Mesocestoides corti 是研究绦虫生物学的常用模型,其可从幼虫四叶期(TT)过渡到有棘绦虫期(ST),这一过程可在体外诱导和跟踪。在这里,我们采用蛋白质组学方法来描述和比较 M. corti TT 和 ST 的蛋白质组成。总体而言,共鉴定了 571 种蛋白质,TT 样本中有 238 种,ST 样本中有 333 种。在鉴定的蛋白质中,有 207 种蛋白质在 TT 和 ST 中均有表达,而 157 种蛋白质为阶段特异性蛋白,其中 31 种仅在 TT 中表达,126 种仅在 ST 中表达。功能注释显示 TT 和 ST 之间存在基本代谢的差异。TT 主要执行与基础代谢相关的功能,通过无性繁殖来实现生长和营养发育。相比之下,ST 执行更广泛的功能,包括大分子生物合成过程、基因表达和控制途径,这些功能可能与它的出芽/节段化、性分化和更复杂的生理功能有关。此外,生成的结果提供了大量的绦虫蛋白列表,这些蛋白对 M. corti 的功能研究很有意义。其中许多蛋白是新的候选诊断抗原,也是开发新型、更有效的抗寄生虫药物的潜在靶标。

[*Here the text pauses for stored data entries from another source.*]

(* Assume the standing assumptions (A) below. Let $g\in L^{\infty}(\Gamma_-)$ satisfy $\underline g:=\inf_{\Gamma_-} g>0$, let $\Sigma_a\in\mathcal{F}_{\underline\Sigma_a}^{\overline\Sigma_a}(\Omega)$ for some constants $\underline\Sigma_a,\overline\Sigma_a$, and let $u$ be the unique solution of the linear transport equation \[ \mathbf v\cdot\nabla u+(\Sigma_a+\sigma_s)u=\sigma_s K u \ \text{ in } X,\qquad u=g \ \text{ on } \Gamma_- . \] Then there exists a constant $\mathfrak c>0$ such that $u\ge \mathfrak c>0$.
   Context: Let $d\ge 2$, $\Omega\subset\mathbb R^d$ a domain with boundary $\partial\Omega$ and unit outer normal $\boldsymbol\nu(\mathbf x)$, $\mathbb S^{d-1}$ the unit sphere equipped with the normalized surface measure $d\mathbf v$, $X:=\Omega\times\mathbb S^{d-1}$, and $\Gamma_-:=\{(\mathbf x,\mathbf v)\in\partial\Omega\times\mathbb S^{d-1}: -\boldsymbol\nu(\mathbf x)\cdot\mathbf v>0\}$. The scattering operator is $Ku(\mathbf x,\mathbf v):=\int_{\mathbb S^{d-1}}\Theta(\mathbf v,\mathbf v')u(\mathbf x,\mathbf v')\,d\mathbf v'$ with $\Theta$ symmetric and $\int_{\mathbb S^{d-1}}\Theta(\mathbf v,\mathbf v')d\mathbf v'=\int_{\mathbb S^{d-1}}\Theta(\mathbf v,\mathbf v')d\mathbf v=1$. $L^p(\Gamma_-)$ is the space with norm $(\int_{\partial\Omega}\int_{\{\mathbf v:-\boldsymbol\nu(\mathbf x)\cdot \mathbf v>0\}}|\boldsymbol\nu(\mathbf x)\cdot\mathbf v||f|^p d\mathbf v\,d\gamma)^{1/p}$. For a set $Y$ and constants $0<\underline f\le \overline f<\infty$, $\mathcal F_{\underline f}^{\overline f}(Y):=\{f\in L^\infty(Y): \underline f\le f\le\overline f \text{ a.e.}\}$. Standing assumption (A): (i) $\Omega$ is bounded, convex and smooth; (ii) $\sigma_s\in\mathcal F_{\underline\sigma_s}^{\overline\sigma_s}(\Omega)$ for some constants $\underline\sigma_s,\overline\sigma_s$; (iii) $\Theta\in\mathcal F_{\underline\theta}^{\overline\theta}(\mathbb S^{d-1}\times\mathbb S^{d-1})$ for some constants $\underline\theta,\overline\theta$. *)

theory Defs
  imports "HOL-Analysis.Analysis" "HOL-Probability.Probability"
begin

fun pderivs :: "'a::euclidean_space list \<Rightarrow> ('a \<Rightarrow> real) \<Rightarrow> 'a \<Rightarrow> real" where
  "pderivs [] f = f"
| "pderivs (b # bs) f = (\<lambda>x. deriv (\<lambda>t. pderivs bs f (x + t *\<^sub>R b)) 0)"

definition smooth_fun :: "('a::euclidean_space \<Rightarrow> real) \<Rightarrow> bool" where
  "smooth_fun f \<longleftrightarrow> (\<forall>bs. set bs \<subseteq> Basis \<longrightarrow>
      continuous_on UNIV (pderivs bs f) \<and>
      (\<forall>b\<in>Basis. \<forall>x. (\<lambda>t. pderivs bs f (x + t *\<^sub>R b)) differentiable (at 0)))"

definition grad :: "('a::euclidean_space \<Rightarrow> real) \<Rightarrow> 'a \<Rightarrow> 'a" where
  "grad f x = (\<Sum>b\<in>Basis. frechet_derivative f (at x) b *\<^sub>R b)"

definition defining_function :: "'a::euclidean_space set \<Rightarrow> ('a \<Rightarrow> real) \<Rightarrow> bool" where
  "defining_function \<Omega> \<rho> \<longleftrightarrow> smooth_fun \<rho> \<and> \<Omega> = {x. \<rho> x < 0} \<and>
      (\<forall>x. \<rho> x = 0 \<longrightarrow> grad \<rho> x \<noteq> 0)"

definition smooth_domain :: "'a::euclidean_space set \<Rightarrow> bool" where
  "smooth_domain \<Omega> \<longleftrightarrow> (\<exists>\<rho>. defining_function \<Omega> \<rho>)"

text \<open>Unit outer normal (independent of the choice of defining function).\<close>
definition outer_normal :: "'a::euclidean_space set \<Rightarrow> 'a \<Rightarrow> 'a" where
  "outer_normal \<Omega> y = (let \<rho> = (SOME \<rho>. defining_function \<Omega> \<rho>) in grad \<rho> y /\<^sub>R norm (grad \<rho> y))"

text \<open>Normalized surface measure on the unit sphere, realised as the cone measure
  (push-forward of the uniform probability on the unit ball under x / |x|).\<close>
definition sphere_measure :: "'a::euclidean_space measure" where
  "sphere_measure = distr (uniform_measure lborel (ball 0 1)) borel (\<lambda>x. x /\<^sub>R norm x)"

definition Gamma_minus :: "'a::euclidean_space set \<Rightarrow> ('a \<times> 'a) set" where
  "Gamma_minus \<Omega> = {(y, v). y \<in> frontier \<Omega> \<and> v \<in> sphere 0 1 \<and> - (outer_normal \<Omega> y \<bullet> v) > 0}"

definition in_F :: "'b measure \<Rightarrow> 'b set \<Rightarrow> real \<Rightarrow> real \<Rightarrow> ('b \<Rightarrow> real) \<Rightarrow> bool" where
  "in_F M Y lo hi f \<longleftrightarrow> 0 < lo \<and> lo \<le> hi \<and> f \<in> borel_measurable M \<and>
      (AE y in M. y \<in> Y \<longrightarrow> lo \<le> f y \<and> f y \<le> hi)"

绦虫病是一种严重影响人类和动物健康的寄生虫病。由于对绦虫生物学的许多方面仍知之甚少,包括这些寄生虫生命周期中发生的复杂发育过程,因此,开发更有效的诊断、治疗或控制绦虫病的策略受到了阻碍。Mesocestoides corti 是研究幼虫到成虫发育阶段(称为出芽)的良好实验模型,这一过程发生在典型的绦虫生命周期中。所进行的蛋白质组学方法提供了 M. corti 蛋白质的大规模鉴定和定量。在幼虫四叶期(TT)和有棘绦虫期(ST)中检测到许多阶段特异性或差异表达的蛋白质。对描述的蛋白质组成进行功能比较分析,揭示了与两个阶段特定特征相关的功能和过程,例如 TT 分化程度较低且为无性繁殖,而 ST 出芽/节段化和性分化。此外,许多鉴定出的阶段特异性蛋白可用作绦虫发育标记物,也是开发新型诊断方法和治疗绦虫病的治疗药物的潜在靶标。